Milling Water

Inheriting a Swiss heritage building - a watermill - initiated a process of looking closer, observing and re-tracing what relatives had built years ago. This revealed water as the key transformation element, traces demonstrating its absence or long term presence. Water shifted into the focus of the observations and became the common denominator - the meta context - of the research.

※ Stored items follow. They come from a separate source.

lemma sign_commute_mult_left:
  fixes a d y :: "'a::ring_1"
  assumes "a * y = of_int s * (y * a)" and "d * y = of_int t * (y * d)"
  shows "(a * d) * y = of_int (s * t) * (y * (a * d))"
proof -
  have "(a * d) * y = (a * of_int t) * (y * d)"
    by (simp only: assms(2) mult.assoc)
  also have "\<dots> = of_int t * ((a * y) * d)"
    by (simp only: mult_of_int_commute[of t a, symmetric] mult.assoc)
  also have "\<dots> = of_int (t * s) * (y * (a * d))"
    by (simp only: assms(1) of_int_mult mult.assoc)
  finally show ?thesis by (simp only: mult.commute[of t s])
qed

section \<open>Sums over independent sets of the frustration graph\<close>

lemma adj_sym: "adj u w = adj w u"
  by (cases u; cases w) (auto simp: abs_minus_commute)

lemma adj_irrefl: "\<not> adj u u"
  by (cases u) auto

definition indep_prod :: "(vtx \<Rightarrow> 'a::monoid_mult) \<Rightarrow> vtx set \<Rightarrow> 'a" where
  "indep_prod f S = prod_list (map f (sorted_list_of_set S))"

definition indep_sum :: "(vtx \<Rightarrow> 'a::semiring_1) \<Rightarrow> vtx set \<Rightarrow> 'a" where
  "indep_sum f X = (\<Sum>S \<in> {S. indep X S}. indep_prod f S)"

lemma indep_sum_empty: "indep_sum f {} = 1"
proof -
  have "{S. indep {} S} = {{}}" by (auto simp: indep_def)
  then show ?thesis by (simp add: indep_sum_def indep_prod_def)
qed

lemma indep_prod_insert:
  assumes "finite S" "v \<notin> S"
    and "\<And>u w. u \<in> insert v S \<Longrightarrow> w \<in> insert v S \<Longrightarrow> f u * f w = f w * f u"
  shows "indep_prod f (insert v S) = f v * indep_prod f S"
proof -
  have "mset (sorted_list_of_set (insert v S)) = mset (v # sorted_list_of_set S)"
    using assms by (simp add: set_eq_iff_mset_eq_distinct[symmetric])
  moreover have "set (sorted_list_of_set (insert v S)) = insert v S"
    using assms(1) by (metis finite_insert set_sorted_list_of_set)
  ultimately have "prod_list (map f (sorted_list_of_set (insert v S)))
      = prod_list (map f (v # sorted_list_of_set S))"
    using assms(3) by (intro prod_list_mset_eq) auto
  then show ?thesis
    unfolding indep_prod_def by simp
qed
lemma Delta_drinfeld_S_drinfeld:
  "\<Delta> (drinfeld * S drinfeld) = (rinv (flip R * R))\<^sup>2 * t2 (drinfeld * S drinfeld) (drinfeld * S drinfeld)"
  "\<Delta> (drinfeld * S drinfeld) = t2 (drinfeld * S drinfeld) (drinfeld * S drinfeld) * (rinv (flip R * R))\<^sup>2"
proof -
  let ?q = "rinv (flip R * R)"
  have "\<Delta> (drinfeld * S drinfeld) = ?q * (t2 drinfeld drinfeld * ?q) * t2 (S drinfeld) (S drinfeld)"
    by (simp add: Delta_mult Delta_drinfeld Delta_S_drinfeld mult.assoc)
  then show "\<Delta> (drinfeld * S drinfeld) = ?q\<^sup>2 * t2 (drinfeld * S drinfeld) (drinfeld * S drinfeld)"
    by (simp add: drinfeld_tensor_commute_rinv_R21R power2_eq_square mult.assoc t2_mult)
  have comm: "?q * t2 (S drinfeld) (S drinfeld) = t2 (S drinfeld) (S drinfeld) * ?q"
    using Delta_S_drinfeld Delta_S_drinfeld_right by simp
  have "\<Delta> (drinfeld * S drinfeld) = t2 drinfeld drinfeld * (?q * t2 (S drinfeld) (S drinfeld)) * ?q"
    by (simp add: Delta_mult Delta_drinfeld_right Delta_S_drinfeld_right mult.assoc)
  also have "\<dots> = t2 drinfeld drinfeld * (t2 (S drinfeld) (S drinfeld) * ?q) * ?q"
    by (simp only: comm)
  finally show "\<Delta> (drinfeld * S drinfeld) = t2 (drinfeld * S drinfeld) (drinfeld * S drinfeld) * ?q\<^sup>2"
    by (simp add: power2_eq_square mult.assoc t2_mult[symmetric])
qed

end

context sqt
begin

lemma sqt_rep_exists: "\<exists>I A B. sqt_rep sH s2 t2 s3 t3 \<Delta> \<epsilon> S R I A B"
proof -
  obtain I :: "nat set" and A B where min: "finite I \<and> R = (\<Sum>i\<in>I. t2 (A i) (B i)) \<and>
      (\<forall>(J::nat set) A' B'. finite J \<and> R = (\<Sum>i\<in>J. t2 (A' i) (B' i)) \<longrightarrow> card I \<le> card J)"
    using minimal_tensor_rep_exists[where \<tau> = t2, OF finite_lessThan tensor_rep[of R]] by blast
  interpret minimal_tensor_rep sH s2 t2 R I A B
    using min bilinear_t2 unfolding minimal_tensor_rep_def by auto
  interpret swapped: minimal_tensor_rep sH s2 "\<lambda>a b. t2 b a" R I B A
    by (rule swap_sides)
  have "sqt_rep sH s2 t2 s3 t3 \<Delta> \<epsilon> S R I A B"
    by unfold_locales (fact semiquasitriangular finite_index rep inj_on_left independent_left
      swapped.inj_on_left swapped.independent_left)+
  then show ?thesis by blast
qed

lemma coproduct_drinfeld:
  defines "Q \<equiv> R21 s2 t2 R * R"
  shows "\<epsilon> drinfeld = 1 \<and>
    \<Delta> drinfeld = rinv Q * t2 drinfeld drinfeld \<and> \<Delta> drinfeld = t2 drinfeld drinfeld * rinv Q \<and>
    \<Delta> (S drinfeld) = rinv Q * t2 (S drinfeld) (S drinfeld) \<and>
    \<Delta> (S drinfeld) = t2 (S drinfeld) (S drinfeld) * rinv Q \<and>
    \<Delta> (drinfeld * S drinfeld) = (rinv Q)\<^sup>2 * t2 (drinfeld * S drinfeld) (drinfeld * S drinfeld) \<and>
    \<Delta> (drinfeld * S drinfeld) = t2 (drinfeld * S drinfeld) (drinfeld * S drinfeld) * (rinv Q)\<^sup>2"
proof -
  obtain I A B where "sqt_rep sH s2 t2 s3 t3 \<Delta> \<epsilon> S R I A B" using sqt_rep_exists by blast
  then interpret sqt_rep sH s2 t2 s3 t3 \<Delta> \<epsilon> S R I A B .
  show ?thesis
    unfolding Q_def R21_eq_flip
    by (intro conjI eps_drinfeld Delta_drinfeld Delta_drinfeld_right Delta_S_drinfeld
      Delta_S_drinfeld_right Delta_drinfeld_S_drinfeld)
qed

end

In Switzerland, water is public good. However, the infrastructures making water accessible result in the privatization of water and binds a cost to its usage. Fountains are the only designed structures allowing free access to fresh water in urban areas. Recent initiatives for stream revitalizations require designing open river beds for aquatic life. By making this water accessible to everyone, these river designs transcend the modern separation between infrastructure, nature and culture while also highlighting the mill as a typology of water infrastructure. Within our contemporary context, the mill needs to go beyond historic functions of capitalizing water to enter into a new kind of symbiosis. Much like a plant, it absorbs water into its structure, revitalizing both the stream and the mill – giving new life and meaning. The mill dissolves the boarders between private, public and common water. A shared space is created where people, species (animals, plants), and elements (water, rock, wood, etc.) come together and enter into an exchange. This is physical, through form such as the large roof providing shade and protection for water and its natural habitats as well as for the building itself. It is also material, the wooden beams and their tissues, providing the buildings structure while originally serving as water transport channels. The water now flowing through the building remembers these materials. The space of water becomes multi- sensory, allowing human bodily qualities to overcome our being, in a way that crystalizes that we are not much different than other life – all dependent on water. The exchange is then one of emotion and understanding, a rekindling of our attitude and sense of belonging as part of nature. With this, the boundaries separating the natural and built environment are dissolved and in that, our relationship to our ancestors and future descendants is conceptualized. The mill starts filtering, protecting, preserving and mediating waters – milling accessible water. In the middle of it all is the water keeper. An expert in aquatic habitats, constantly balancing and monitoring the revitalized environments around water. This keeper performs an ecological service centering the understanding of value away from profit and towards ecological sustenance and understanding. Continuously asking society to imagine a new legacy; is this a heritage to leave behind for the next generation?